Saved entries:
_ _ _ _
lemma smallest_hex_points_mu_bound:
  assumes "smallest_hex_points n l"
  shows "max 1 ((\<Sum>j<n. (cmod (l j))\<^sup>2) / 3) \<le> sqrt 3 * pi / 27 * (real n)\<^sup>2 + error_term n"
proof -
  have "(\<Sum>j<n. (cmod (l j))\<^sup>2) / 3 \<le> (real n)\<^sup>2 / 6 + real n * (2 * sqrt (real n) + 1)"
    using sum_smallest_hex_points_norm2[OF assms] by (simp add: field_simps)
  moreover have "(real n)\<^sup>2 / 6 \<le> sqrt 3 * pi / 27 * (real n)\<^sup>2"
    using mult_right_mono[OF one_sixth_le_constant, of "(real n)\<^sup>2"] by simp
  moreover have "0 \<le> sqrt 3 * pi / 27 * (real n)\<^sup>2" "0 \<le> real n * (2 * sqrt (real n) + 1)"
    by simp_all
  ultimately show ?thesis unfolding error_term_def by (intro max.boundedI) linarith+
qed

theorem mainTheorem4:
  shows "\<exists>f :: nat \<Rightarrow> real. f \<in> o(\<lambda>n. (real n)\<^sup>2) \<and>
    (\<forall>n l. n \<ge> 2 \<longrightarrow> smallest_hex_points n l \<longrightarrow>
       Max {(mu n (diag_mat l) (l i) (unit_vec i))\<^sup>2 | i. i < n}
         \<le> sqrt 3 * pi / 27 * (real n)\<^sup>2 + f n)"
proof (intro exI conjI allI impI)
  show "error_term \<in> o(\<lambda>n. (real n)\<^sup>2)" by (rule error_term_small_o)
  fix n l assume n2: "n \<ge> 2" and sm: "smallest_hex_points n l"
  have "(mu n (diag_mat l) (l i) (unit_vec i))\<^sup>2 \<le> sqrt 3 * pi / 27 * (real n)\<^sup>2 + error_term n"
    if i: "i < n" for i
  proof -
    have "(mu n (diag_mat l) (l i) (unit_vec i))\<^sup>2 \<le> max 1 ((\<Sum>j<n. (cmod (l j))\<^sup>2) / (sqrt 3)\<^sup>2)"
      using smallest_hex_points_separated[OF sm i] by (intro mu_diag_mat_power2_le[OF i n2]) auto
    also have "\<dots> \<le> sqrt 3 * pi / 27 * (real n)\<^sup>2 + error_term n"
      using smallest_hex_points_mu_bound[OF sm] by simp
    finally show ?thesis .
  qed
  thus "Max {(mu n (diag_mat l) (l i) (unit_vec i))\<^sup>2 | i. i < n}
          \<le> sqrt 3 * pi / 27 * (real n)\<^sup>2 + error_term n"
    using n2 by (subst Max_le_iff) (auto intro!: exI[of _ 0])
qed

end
_ _ _ _
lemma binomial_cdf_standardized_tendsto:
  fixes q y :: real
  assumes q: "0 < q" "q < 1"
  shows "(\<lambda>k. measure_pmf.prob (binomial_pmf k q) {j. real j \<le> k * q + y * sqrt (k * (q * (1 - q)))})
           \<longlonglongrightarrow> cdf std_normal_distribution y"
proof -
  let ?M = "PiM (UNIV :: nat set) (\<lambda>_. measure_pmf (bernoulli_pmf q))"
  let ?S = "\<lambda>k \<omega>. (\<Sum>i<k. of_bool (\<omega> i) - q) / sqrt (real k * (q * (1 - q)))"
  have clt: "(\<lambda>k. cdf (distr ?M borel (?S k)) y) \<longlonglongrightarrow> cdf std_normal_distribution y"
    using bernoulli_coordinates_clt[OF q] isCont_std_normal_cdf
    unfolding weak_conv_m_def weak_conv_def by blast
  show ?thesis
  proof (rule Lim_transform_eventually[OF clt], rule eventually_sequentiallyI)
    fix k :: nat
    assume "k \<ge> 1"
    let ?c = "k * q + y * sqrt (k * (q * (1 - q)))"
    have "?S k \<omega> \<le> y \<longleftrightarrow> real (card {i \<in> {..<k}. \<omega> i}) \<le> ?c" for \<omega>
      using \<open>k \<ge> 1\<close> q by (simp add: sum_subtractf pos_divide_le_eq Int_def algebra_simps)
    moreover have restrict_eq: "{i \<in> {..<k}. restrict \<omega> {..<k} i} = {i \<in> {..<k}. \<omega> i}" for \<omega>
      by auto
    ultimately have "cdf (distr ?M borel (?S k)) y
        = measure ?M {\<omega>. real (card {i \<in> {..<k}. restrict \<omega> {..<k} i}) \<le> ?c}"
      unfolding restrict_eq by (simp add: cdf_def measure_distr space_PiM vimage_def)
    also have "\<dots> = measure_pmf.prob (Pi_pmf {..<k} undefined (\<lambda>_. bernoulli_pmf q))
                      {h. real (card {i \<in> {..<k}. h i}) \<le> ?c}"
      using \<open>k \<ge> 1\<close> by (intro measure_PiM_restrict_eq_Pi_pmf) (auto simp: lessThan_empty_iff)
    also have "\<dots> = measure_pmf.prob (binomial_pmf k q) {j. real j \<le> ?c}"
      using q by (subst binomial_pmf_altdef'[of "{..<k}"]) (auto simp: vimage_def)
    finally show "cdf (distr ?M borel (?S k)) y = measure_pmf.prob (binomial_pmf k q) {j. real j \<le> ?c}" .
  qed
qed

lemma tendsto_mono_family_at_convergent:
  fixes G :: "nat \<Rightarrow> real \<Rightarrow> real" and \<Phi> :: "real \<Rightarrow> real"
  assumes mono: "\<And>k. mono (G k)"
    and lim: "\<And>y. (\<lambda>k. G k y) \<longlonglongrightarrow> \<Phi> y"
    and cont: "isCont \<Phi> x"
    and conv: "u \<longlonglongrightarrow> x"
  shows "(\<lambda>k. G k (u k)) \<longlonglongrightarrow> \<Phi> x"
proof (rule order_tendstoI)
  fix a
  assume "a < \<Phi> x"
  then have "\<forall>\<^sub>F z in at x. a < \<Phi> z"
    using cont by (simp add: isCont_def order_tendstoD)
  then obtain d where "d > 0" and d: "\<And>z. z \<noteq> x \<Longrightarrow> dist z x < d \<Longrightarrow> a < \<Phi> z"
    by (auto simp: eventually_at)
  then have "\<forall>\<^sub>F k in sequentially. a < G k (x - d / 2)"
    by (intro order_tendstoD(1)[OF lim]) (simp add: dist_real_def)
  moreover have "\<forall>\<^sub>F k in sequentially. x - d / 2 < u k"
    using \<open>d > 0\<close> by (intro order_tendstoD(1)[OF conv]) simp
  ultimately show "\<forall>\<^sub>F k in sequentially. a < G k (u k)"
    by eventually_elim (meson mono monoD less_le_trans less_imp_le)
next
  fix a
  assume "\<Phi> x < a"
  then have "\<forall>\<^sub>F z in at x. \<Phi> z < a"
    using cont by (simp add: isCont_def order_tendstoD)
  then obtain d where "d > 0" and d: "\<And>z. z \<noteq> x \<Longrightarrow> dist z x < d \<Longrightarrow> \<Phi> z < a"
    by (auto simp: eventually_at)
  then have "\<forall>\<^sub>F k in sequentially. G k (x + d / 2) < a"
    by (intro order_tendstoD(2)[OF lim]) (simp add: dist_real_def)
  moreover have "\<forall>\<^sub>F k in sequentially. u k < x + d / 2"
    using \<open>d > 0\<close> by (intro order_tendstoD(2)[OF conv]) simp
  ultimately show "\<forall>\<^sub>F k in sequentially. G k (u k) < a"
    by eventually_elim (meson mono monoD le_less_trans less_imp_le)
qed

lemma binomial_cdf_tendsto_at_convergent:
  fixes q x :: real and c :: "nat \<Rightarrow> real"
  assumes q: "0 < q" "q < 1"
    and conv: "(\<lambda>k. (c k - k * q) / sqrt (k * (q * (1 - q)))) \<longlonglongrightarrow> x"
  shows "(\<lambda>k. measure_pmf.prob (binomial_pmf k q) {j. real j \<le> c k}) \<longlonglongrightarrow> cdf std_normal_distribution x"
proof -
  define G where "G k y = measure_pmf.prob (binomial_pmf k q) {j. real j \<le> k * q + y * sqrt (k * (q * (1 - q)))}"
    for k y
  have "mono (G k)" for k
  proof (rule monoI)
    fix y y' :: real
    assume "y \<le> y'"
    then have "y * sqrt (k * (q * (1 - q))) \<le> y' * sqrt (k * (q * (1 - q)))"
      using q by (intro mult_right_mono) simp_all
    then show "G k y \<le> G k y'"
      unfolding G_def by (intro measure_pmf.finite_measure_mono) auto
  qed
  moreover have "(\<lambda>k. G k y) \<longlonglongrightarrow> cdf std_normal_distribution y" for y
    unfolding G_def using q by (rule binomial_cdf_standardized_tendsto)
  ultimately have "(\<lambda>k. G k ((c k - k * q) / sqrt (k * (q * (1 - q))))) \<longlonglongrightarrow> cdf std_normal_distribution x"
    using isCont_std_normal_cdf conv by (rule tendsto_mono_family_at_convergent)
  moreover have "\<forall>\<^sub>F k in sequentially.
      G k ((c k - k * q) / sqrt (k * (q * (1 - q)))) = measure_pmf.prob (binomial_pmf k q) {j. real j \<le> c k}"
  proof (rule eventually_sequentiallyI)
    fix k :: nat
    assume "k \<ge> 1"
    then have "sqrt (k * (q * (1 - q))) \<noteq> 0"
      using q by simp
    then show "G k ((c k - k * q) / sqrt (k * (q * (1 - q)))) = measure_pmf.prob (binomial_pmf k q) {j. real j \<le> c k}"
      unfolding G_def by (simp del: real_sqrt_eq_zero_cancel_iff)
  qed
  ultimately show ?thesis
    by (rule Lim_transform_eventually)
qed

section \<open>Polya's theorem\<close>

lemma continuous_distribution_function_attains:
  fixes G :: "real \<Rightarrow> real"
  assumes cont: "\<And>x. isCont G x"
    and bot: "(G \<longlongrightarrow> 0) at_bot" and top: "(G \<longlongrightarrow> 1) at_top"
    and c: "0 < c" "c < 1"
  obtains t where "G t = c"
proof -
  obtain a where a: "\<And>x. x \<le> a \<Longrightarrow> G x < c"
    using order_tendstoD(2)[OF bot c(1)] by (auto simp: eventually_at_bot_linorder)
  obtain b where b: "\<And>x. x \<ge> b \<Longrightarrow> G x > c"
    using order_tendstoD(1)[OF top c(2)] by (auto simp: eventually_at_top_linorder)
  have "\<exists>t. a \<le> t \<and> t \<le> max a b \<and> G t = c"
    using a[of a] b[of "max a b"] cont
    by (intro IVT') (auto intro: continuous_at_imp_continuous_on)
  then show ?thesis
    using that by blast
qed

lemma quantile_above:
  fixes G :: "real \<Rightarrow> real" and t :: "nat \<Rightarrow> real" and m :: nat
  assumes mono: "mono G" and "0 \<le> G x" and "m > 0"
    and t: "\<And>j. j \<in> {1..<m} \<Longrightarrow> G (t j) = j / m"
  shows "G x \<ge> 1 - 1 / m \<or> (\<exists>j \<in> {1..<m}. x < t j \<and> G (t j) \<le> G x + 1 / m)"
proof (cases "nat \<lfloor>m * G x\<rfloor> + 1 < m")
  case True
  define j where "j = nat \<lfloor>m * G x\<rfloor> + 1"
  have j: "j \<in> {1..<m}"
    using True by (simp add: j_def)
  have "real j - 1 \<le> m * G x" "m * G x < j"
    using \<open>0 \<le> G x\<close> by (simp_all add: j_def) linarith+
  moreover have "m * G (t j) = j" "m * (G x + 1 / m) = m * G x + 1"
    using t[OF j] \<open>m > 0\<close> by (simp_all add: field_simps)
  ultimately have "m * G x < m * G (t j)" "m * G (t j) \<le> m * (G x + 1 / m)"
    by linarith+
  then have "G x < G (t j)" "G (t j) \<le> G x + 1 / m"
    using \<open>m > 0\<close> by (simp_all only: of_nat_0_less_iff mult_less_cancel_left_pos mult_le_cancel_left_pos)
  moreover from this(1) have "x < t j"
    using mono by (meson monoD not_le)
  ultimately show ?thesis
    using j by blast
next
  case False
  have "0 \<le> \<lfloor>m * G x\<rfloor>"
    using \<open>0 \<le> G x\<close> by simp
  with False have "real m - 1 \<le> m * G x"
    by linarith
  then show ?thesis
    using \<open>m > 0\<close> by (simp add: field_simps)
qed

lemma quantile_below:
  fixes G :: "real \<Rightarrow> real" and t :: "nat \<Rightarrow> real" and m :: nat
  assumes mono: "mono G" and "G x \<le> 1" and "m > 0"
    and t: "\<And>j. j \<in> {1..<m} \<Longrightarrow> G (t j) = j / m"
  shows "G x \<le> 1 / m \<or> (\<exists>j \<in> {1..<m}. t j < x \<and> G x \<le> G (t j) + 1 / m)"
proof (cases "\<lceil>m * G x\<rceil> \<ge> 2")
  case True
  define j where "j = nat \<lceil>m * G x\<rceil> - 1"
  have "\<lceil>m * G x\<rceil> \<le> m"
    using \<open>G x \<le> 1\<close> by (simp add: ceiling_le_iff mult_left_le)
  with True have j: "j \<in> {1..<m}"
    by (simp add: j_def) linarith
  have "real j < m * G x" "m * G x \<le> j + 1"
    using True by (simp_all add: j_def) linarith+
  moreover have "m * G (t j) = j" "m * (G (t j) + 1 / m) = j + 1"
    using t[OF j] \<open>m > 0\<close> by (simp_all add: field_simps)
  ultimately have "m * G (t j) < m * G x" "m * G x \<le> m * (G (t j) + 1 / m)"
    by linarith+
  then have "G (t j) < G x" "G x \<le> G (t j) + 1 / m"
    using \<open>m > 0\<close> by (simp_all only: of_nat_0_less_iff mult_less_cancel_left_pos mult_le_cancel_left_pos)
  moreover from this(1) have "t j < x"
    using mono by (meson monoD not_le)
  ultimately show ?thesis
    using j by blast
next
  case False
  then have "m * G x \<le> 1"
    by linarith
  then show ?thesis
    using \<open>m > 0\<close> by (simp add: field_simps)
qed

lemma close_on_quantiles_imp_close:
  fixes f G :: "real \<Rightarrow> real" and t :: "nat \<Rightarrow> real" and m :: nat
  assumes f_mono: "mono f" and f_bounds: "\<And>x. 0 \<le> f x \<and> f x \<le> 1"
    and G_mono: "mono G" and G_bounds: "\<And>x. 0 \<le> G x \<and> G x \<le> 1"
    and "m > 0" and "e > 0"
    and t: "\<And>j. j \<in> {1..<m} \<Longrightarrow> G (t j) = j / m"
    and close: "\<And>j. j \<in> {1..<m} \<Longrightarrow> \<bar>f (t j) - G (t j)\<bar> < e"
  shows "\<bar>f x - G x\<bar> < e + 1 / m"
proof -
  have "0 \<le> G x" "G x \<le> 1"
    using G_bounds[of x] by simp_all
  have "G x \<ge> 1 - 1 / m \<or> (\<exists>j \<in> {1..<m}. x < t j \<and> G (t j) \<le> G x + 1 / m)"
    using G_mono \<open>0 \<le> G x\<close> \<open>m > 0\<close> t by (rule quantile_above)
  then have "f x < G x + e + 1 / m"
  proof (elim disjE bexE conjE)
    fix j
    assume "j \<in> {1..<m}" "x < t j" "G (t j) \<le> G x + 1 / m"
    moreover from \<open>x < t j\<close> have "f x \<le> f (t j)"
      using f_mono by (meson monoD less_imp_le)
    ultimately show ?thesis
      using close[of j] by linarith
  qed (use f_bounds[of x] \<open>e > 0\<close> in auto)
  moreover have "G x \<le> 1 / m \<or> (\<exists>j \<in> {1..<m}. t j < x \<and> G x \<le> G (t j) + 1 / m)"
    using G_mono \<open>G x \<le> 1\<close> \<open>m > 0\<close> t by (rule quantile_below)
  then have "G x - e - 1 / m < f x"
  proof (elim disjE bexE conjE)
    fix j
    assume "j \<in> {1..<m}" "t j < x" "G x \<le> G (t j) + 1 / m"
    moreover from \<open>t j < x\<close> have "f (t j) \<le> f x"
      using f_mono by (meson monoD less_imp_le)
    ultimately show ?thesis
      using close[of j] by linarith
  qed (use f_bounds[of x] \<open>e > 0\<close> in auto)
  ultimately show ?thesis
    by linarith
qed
_ _ _ _
_ACTION ITEM_
Reproduce only the lines above, starting at the line with "proof (rule monoI)" and ending at the line with "using isCont_std_normal_cdf conv", exactly as written.

_ANSWER AREA_
  proof (rule monoI)
    fix y y' :: real
    assume "y \<le> y'"
    then have "y * sqrt (k * (q * (1 - q))) \<le> y' * sqrt (k * (q * (1 - q)))"
      using q by (intro mult_right_mono) simp_all
    then show "G k y \<le> G k y'"
      unfolding G_def by (intro measure_pmf.finite_measure_mono) auto
  qed
  moreover have "(\<lambda>k. G k y) \<longlonglongrightarrow> cdf std_normal_distribution y" for y
    unfolding G_def using q by (rule binomial_cdf_standardized_tendsto)
  ultimately have "(\<lambda>k. G k ((c k - k * q) / sqrt (k * (q * (1 - q))))) \<longlonglongrightarrow> cdf std_normal_distribution x"
    using isCont_std_normal_cdf conv by (rule tendsto_mono_family_at_convergent)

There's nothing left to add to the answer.